Aqui a dimensão política tem sido chave, pois se trata da construção coletiva de agendas, da busca de um projeto político de mudança, e de ferramentas para levá-lo adiante, de encontros e alianças num marco de diversidades. É essencialmente política a resposta ao poder em suas diversas expressões, entre elas, o poder patriarcal. Este envolvimento integral à política, inclusive, tem removido práticas e imaginários em torno de organizações e entidades que partilham esses espaços de mudanças. Assim, de “casa adentro”, a agenda feminista já está deixando de ser assunto das mulheres, está se convertendo num tema de todas/os.

O marco da resistência ao “livre comércio” e a seus instrumentos (ALCA e TLC, principalmente) foi decisivo para que se atualize a visão da conexão entre o capitalismo e o patriarcado, para que se confirme que é impossível conjugar igualdade de gênero com modelo neoliberal. Não pode sustentar-se por muito tempo alguma tentativa de “agregar” gênero e cláusulas sociais aos tratados comerciais.
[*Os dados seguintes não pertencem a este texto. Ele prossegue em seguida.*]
lemma important_separator_covering:
  assumes "finite V" "separator V A Src Tgt C0"
  shows "\<exists>C. important_separator V A Src Tgt C \<and> card C \<le> card C0
             \<and> reach_set V A Src C0 \<subseteq> reach_set V A Src C"
proof -
  let ?R = "reach_set V A Src"
  define P where "P C \<longleftrightarrow> separator V A Src Tgt C \<and> card C \<le> card C0 \<and> ?R C0 \<subseteq> ?R C"
    for C
  have "P C0" by (simp add: P_def assms(2))
  moreover have "\<forall>C. P C \<longrightarrow> card (?R C) < Suc (card V)"
    using card_mono[OF assms(1) subset_trans[OF reach_set_subset Diff_subset]]
    by (simp add: le_imp_less_Suc)
  \<comment> \<open>Maximise the reach set first and only then minimise the size: minimality makes every
    vertex of \<open>C\<close> entered from the reach set, and together with maximality this gives importance.\<close>
  ultimately obtain C1 where C1: "P C1" "\<forall>C. P C \<longrightarrow> card (?R C) \<le> card (?R C1)"
    using Lattices_Big.ex_has_greatest_nat[of P C0 "\<lambda>C. card (?R C)"] by blast
  obtain C where C: "P C" "card (?R C) = card (?R C1)"
    and least: "\<forall>C'. P C' \<and> card (?R C') = card (?R C1) \<longrightarrow> card C \<le> card C'"
    using ex_has_least_nat[of "\<lambda>C. P C \<and> card (?R C) = card (?R C1)" C1 card] C1(1) by blast
  have sep: "separator V A Src Tgt C" using C(1) by (simp add: P_def)
  have "finite C" using sep assms(1) by (auto simp: separator_def intro: finite_subset)
  have "\<forall>x\<in>C. \<exists>v\<in>?R C. (v, x) \<in> A"
  proof (rule ccontr)
    assume "\<not> (\<forall>x\<in>C. \<exists>v\<in>?R C. (v, x) \<in> A)"
    then obtain x where "x \<in> C" and not_entered: "\<forall>v\<in>?R C. (v, x) \<notin> A" by blast
    have same: "?R (C - {x}) = ?R C"
      by (rule reach_set_restrict_to_entered) (use not_entered sep in \<open>auto simp: separator_def\<close>)
    have "card (C - {x}) < card C"
      using \<open>finite C\<close> \<open>x \<in> C\<close> by (rule card_Diff1_less)
    moreover have "P (C - {x})"
      using C(1) same \<open>card (C - {x}) < card C\<close> sep
      unfolding P_def separator_iff_reach_set by auto
    ultimately show False using least C(2) same by (metis not_le)
  qed
  moreover have "\<forall>C'. separator V A Src Tgt C' \<and> card C' \<le> card C \<and> ?R C \<subseteq> ?R C'
                   \<longrightarrow> card (?R C') \<le> card (?R C)"
  proof (intro allI impI)
    fix C' assume "separator V A Src Tgt C' \<and> card C' \<le> card C \<and> ?R C \<subseteq> ?R C'"
    then have "P C'" using C(1) unfolding P_def by auto
    then show "card (?R C') \<le> card (?R C)" using C1(2) C(2) by simp
  qed
  ultimately have "important_separator V A Src Tgt C"
    using important_separatorI[OF assms(1) sep] by blast
  then show ?thesis using C(1) unfolding P_def by blast
qed

lemma rtrancl_del_arcs_exchange:
  assumes "(a, b) \<in> (del_arcs V A X')\<^sup>*" "del_arcs V A X' `` R \<subseteq> R" "b \<notin> R"
    and "X \<subseteq> X' \<union> R"
  shows "(a, b) \<in> (del_arcs V A X)\<^sup>*"
proof -
  have "del_arcs V A X' \<inter> (- R) \<times> (- R) \<subseteq> del_arcs V A X"
    using assms(4) by (auto simp: del_arcs_def)
  then show ?thesis
    using rtrancl_outside_closed_set[OF assms(1-3)] rtrancl_mono by blast
qed

lemma H_deletion_set_exchange:
  assumes H: "\<forall>(VH, AH)\<in>\<H>. AH \<subseteq> VH \<times> VH"
    and Y: "H_deletion_set \<H> V A Y" and Z: "H_deletion_set \<H> V A Z"
    and "X \<subseteq> V" and closed: "del_arcs V A X `` R \<subseteq> R"
    and "R \<inter> Y = {}" and "Z \<subseteq> X \<union> R"
  shows "H_deletion_set \<H> V A X"
  unfolding H_deletion_set_def
proof (intro conjI allI impI)
  show "X \<subseteq> V" by fact
  fix K assume K: "strong_component (V - X) (del_arcs V A X) K"
  show "\<forall>(VH, AH)\<in>\<H>. \<not> contains_copy K (del_arcs V A X) VH AH"
  proof clarify
    fix VH AH assume HK: "(VH, AH) \<in> \<H>" "contains_copy K (del_arcs V A X) VH AH"
    have "AH \<subseteq> VH \<times> VH" using H HK(1) by blast
    have "K \<subseteq> V - X" using K by (simp add: strong_component_def)
    from strong_component_inside_or_outside_closed[OF K closed]
    have "K \<inter> Y = {} \<or> K \<inter> Z = {}"
      using \<open>R \<inter> Y = {}\<close> \<open>Z \<subseteq> X \<union> R\<close> \<open>K \<subseteq> V - X\<close> by blast
    then show False
      using strong_component_avoiding_deletion_set_has_no_copy[OF Y K _ HK(1) \<open>AH \<subseteq> VH \<times> VH\<close>]
        strong_component_avoiding_deletion_set_has_no_copy[OF Z K _ HK(1) \<open>AH \<subseteq> VH \<times> VH\<close>]
        HK(2) by blast
  qed
qed

lemma is_solution_exchange:
  assumes H: "\<forall>(VH, AH)\<in>\<H>. AH \<subseteq> VH \<times> VH"
    and W: "H_deletion_set \<H> V A W" and "\<Union> (set S) \<subseteq> W"
    and sol: "is_solution \<H> V A S W k X"
    and "X' \<subseteq> V" "card X' \<le> card X" "X' \<inter> W = {}"
    and closed: "del_arcs V A X' `` R \<subseteq> R" and "R \<inter> W = {}" and "X \<subseteq> X' \<union> R"
  shows "is_solution \<H> V A S W k X'"
  unfolding is_solution_def
proof (intro conjI allI impI ballI)
  show "X' \<subseteq> V" "X' \<inter> W = {}" by fact+
  show "int (card X') \<le> k"
    using sol \<open>card X' \<le> card X\<close> by (simp add: is_solution_def)
  show "H_deletion_set \<H> V A X'"
    using H_deletion_set_exchange[OF H W _ \<open>X' \<subseteq> V\<close> closed \<open>R \<inter> W = {}\<close> \<open>X \<subseteq> X' \<union> R\<close>]
      sol by (simp add: is_solution_def)
  fix i j s t
  assume ij: "i < j \<and> j < length S" and "s \<in> S ! i" "t \<in> S ! j"
  then have "S ! i \<in> set S" "S ! j \<in> set S" by auto
  then have "s \<in> W" "t \<in> W"
    using \<open>\<Union> (set S) \<subseteq> W\<close> \<open>s \<in> S ! i\<close> \<open>t \<in> S ! j\<close> by blast+
  show "\<not> reach (V - X') (del_arcs V A X') s t"
  proof
    assume "reach (V - X') (del_arcs V A X') s t"
    then have "(s, t) \<in> (del_arcs V A X)\<^sup>*"
      using rtrancl_del_arcs_exchange[OF _ closed _ \<open>X \<subseteq> X' \<union> R\<close>] \<open>R \<inter> W = {}\<close> \<open>t \<in> W\<close>
      by (auto simp: reach_del_arcs_iff)
    moreover have "s \<in> V - X" "t \<in> V - X"
      using W sol \<open>s \<in> W\<close> \<open>t \<in> W\<close> by (auto simp: H_deletion_set_def is_solution_def)
    ultimately have "reach (V - X) (del_arcs V A X) s t"
      by (simp add: reach_del_arcs_iff)
    then show False
      using sol ij \<open>s \<in> S ! i\<close> \<open>t \<in> S ! j\<close> unfolding is_solution_def by blast
  qed
qed

lemma card_Diff_Un_le:
  assumes "finite X" "C0 \<subseteq> X" "card C \<le> card C0"
  shows "card ((X - C0) \<union> C) \<le> card X"
proof -
  have "card ((X - C0) \<union> C) \<le> card (X - C0) + card C" by (rule card_Un_le)
  also have "\<dots> \<le> card (X - C0) + card C0" using assms(3) by simp
  also have "\<dots> = card X"
    using assms(1,2) by (simp add: card_Diff_subset card_mono finite_subset)
  finally show ?thesis .
qed

lemma F_shadow_solution_with_important_separator:
  assumes H: "\<forall>(VH, AH)\<in>\<H>. AH \<subseteq> VH \<times> VH" and "finite V"
    and W: "H_deletion_set \<H> V A W" and S: "\<Union> (set S) \<subseteq> W"
    and sol: "is_solution \<H> V A S W k X" and u: "u \<in> F_shadow V A W X"
  shows "\<exists>X'. is_solution \<H> V A S W k X' \<and> (\<exists>C. C \<subseteq> X' \<and> important_separator V A {u} W C)"
proof -
  let ?R = "reach_set V A {u}"
  have "X \<subseteq> V" "X \<inter> W = {}" using sol by (auto simp: is_solution_def)
  have "u \<notin> X" and RW: "?R X \<inter> W = {}"
    using u by (auto simp: F_shadow_def reach_set_def)
  define C0 where "C0 = {y \<in> X. \<exists>v\<in>?R X. (v, y) \<in> A}"
  have "C0 \<subseteq> X" by (auto simp: C0_def)
  have R0: "?R C0 = ?R X"
    by (rule reach_set_restrict_to_entered) (use \<open>u \<notin> X\<close> in \<open>auto simp: C0_def\<close>)
  have "separator V A {u} W C0"
    unfolding separator_iff_reach_set
    using \<open>C0 \<subseteq> X\<close> \<open>X \<subseteq> V\<close> \<open>u \<notin> X\<close> \<open>X \<inter> W = {}\<close> R0 RW by auto
  then obtain C where C: "important_separator V A {u} W C" "card C \<le> card C0" "?R X \<subseteq> ?R C"
    using important_separator_covering[OF \<open>finite V\<close>] R0 by metis
  then have "C \<subseteq> V" "C \<inter> W = {}" "?R C \<inter> W = {}"
    by (auto simp: important_separator_def separator_iff_reach_set)
  define X' where "X' = (X - C0) \<union> C"
  have "card X' \<le> card X"
    unfolding X'_def
    using card_Diff_Un_le[OF finite_subset[OF \<open>X \<subseteq> V\<close> \<open>finite V\<close>] \<open>C0 \<subseteq> X\<close> C(2)] .
  have "C0 - C \<subseteq> ?R C"
  proof
    fix y assume "y \<in> C0 - C"
    then obtain v where "v \<in> ?R X" "(v, y) \<in> A" "y \<in> X" "y \<notin> C"
      by (auto simp: C0_def)
    then show "y \<in> ?R C"
      using C(3) \<open>X \<subseteq> V\<close> reach_set_arc_closed[of v V A "{u}" C y] by blast
  qed
  then have "X \<subseteq> X' \<union> ?R C" by (auto simp: X'_def)
  moreover have "del_arcs V A X' `` ?R C \<subseteq> ?R C"
    using del_arcs_antimono[of C X' V A] reach_set_closed[of V A C "{u}"]
    by (auto simp: X'_def)
  moreover have "X' \<subseteq> V" "X' \<inter> W = {}"
    using \<open>X \<subseteq> V\<close> \<open>C \<subseteq> V\<close> \<open>X \<inter> W = {}\<close> \<open>C \<inter> W = {}\<close> by (auto simp: X'_def)
  ultimately have "is_solution \<H> V A S W k X'"
    using is_solution_exchange[OF H W S sol _ \<open>card X' \<le> card X\<close>] \<open>?R C \<inter> W = {}\<close> by blast
  then show ?thesis using C(1) by (auto simp: X'_def)
qed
As análises e experiências em todos os países da região, submetidos ao ajuste e à abertura comercial, têm sido contundentes ao mostrar que o modelo ineficiente e depredador imposto se sustenta, principalmente, no trabalho sub-pago e não pago das mulheres, que conclui ser, ao mesmo tempo, fator de “competitividade” e garantia para o sustento da vida.

Nesse trajeto, as alianças mais próximas entre as mulheres percorreram um leito quase “natural”: deram-se entre grupos e processos com prioridade para a economia, confrontaram de maneira direta as várias formas de mercantilização da vida, e propuseram mudanças profundas que só podem impulsionar-se reorientando os objetivos próprios da economia para o cuidado e a reprodução da vida. Assim, em cenários regionais e mundiais, atuamos conjuntamente com a Marcha Mundial das Mulheres, a Via Campesina e a CLOC, ALAI Mulheres, o Diálogo Sur-Sur, LGBT...
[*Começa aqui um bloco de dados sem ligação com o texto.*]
definition is_path :: "('v \<Rightarrow> 'v \<Rightarrow> bool) \<Rightarrow> 'v list \<Rightarrow> bool" where
  "is_path E P \<longleftrightarrow> P \<noteq> [] \<and> distinct P \<and> (\<forall>k. Suc k < length P \<longrightarrow> E (P ! k) (P ! Suc k))"

definition st_path :: "('v \<Rightarrow> 'v \<Rightarrow> bool) \<Rightarrow> 'v \<Rightarrow> 'v \<Rightarrow> 'v list \<Rightarrow> bool" where
  "st_path E s g P \<longleftrightarrow> is_path E P \<and> hd P = s \<and> last P = g"

definition pcost :: "(real list \<Rightarrow> real) \<Rightarrow> (nat \<Rightarrow> 'v \<Rightarrow> 'v \<Rightarrow> real) \<Rightarrow> nat \<Rightarrow> 'v list \<Rightarrow> real" where
  "pcost \<beta> f' i P = \<beta> (map (\<lambda>(a, b). f' i a b) (zip P (tl P)))"

definition dominates :: "nat \<Rightarrow> (nat \<Rightarrow> 'v list \<Rightarrow> real) \<Rightarrow> 'v list \<Rightarrow> 'v list \<Rightarrow> bool" where
  "dominates n f P' P \<longleftrightarrow> (\<forall>i<n. f i P' \<le> f i P) \<and> (\<exists>i<n. f i P' < f i P)"

definition cmax :: "nat \<Rightarrow> (nat \<Rightarrow> 'v list \<Rightarrow> real) \<Rightarrow> (nat \<Rightarrow> real) \<Rightarrow> real \<Rightarrow> 'v list \<Rightarrow> real" where
  "cmax n f w \<rho> P = Max ((\<lambda>i. w i * f i P) ` {..<n}) + \<rho> * (\<Sum>i<n. f i P)"

type_synonym 'v openlist = "(real \<times> 'v \<times> 'v list) list"

definition process_nb ::
  "nat \<Rightarrow> (nat \<Rightarrow> 'v list \<Rightarrow> real) \<Rightarrow> (nat \<Rightarrow> real) \<Rightarrow> real \<Rightarrow> 'v list \<Rightarrow> 'v \<Rightarrow> 'v openlist \<Rightarrow> 'v openlist" where
  "process_nb n f w \<rho> P u OL =
     (let Pu = P @ [u] in
      if (\<exists>(c, x, P') \<in> set OL. last P' = u \<and> dominates n f P' Pu) \<or> \<not> distinct Pu then OL
      else filter (\<lambda>(c, x, P'). \<not> (last P' = u \<and> dominates n f Pu P')) OL @ [(cmax n f w \<rho> Pu, u, Pu)])"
Neste desafio de construir outro modelo econômico, centrado na economia para a vida, convergem e adquirem outro sentido as iniciativas e experiências múltiplas que realizam em seus países e localidades, os grupos da Rede, e as que partilham regionalmente. A essa escala, por exemplo, incentivamos iniciativas de formação, como o recente curso regional (com fases virtual e presencial) sobre a economia feminista, ou como a Escola Mesoamericana de Mulheres. Estamos no empenho, também, de concluir uma proposta de integração geradora de igualdade, que se forma, de verdade, nos princípios feministas de solidariedade, cooperação e reciprocidade.

Também tem esse sentido de transformação profunda das ações de incidência e participação na política pública: no Equador, a REMTE colabora com o Ministério da Economia e Finanças na definição de estratégias de mudanças; já se deu um passo importante com a criação da Subsecretaria de Economia Solidária, que reconhece o trabalho das mulheres e aos lugares como unidades econômicas, e implanta, como objetivo central, a igualdade econômica de gênero. No Brasil, a Rede assessora também vários processos de política econômica nacional e local, ao mesmo tempo em que reflete, mobiliza e promove projetos autogestionários de mulheres. Experiências inovadoras de economia local se desenvolvem em El Salvador; na Bolívia e Venezuela os grupos intervêm nos intensos processos de mudanças, buscando o protagonismo das mulheres.

São apenas exemplos que mostram as múltiplas facetas de reapropriação da economia, que é, ao mesmo tempo, sua transformação para construir uma realidade justa e diferente para nós e para todos.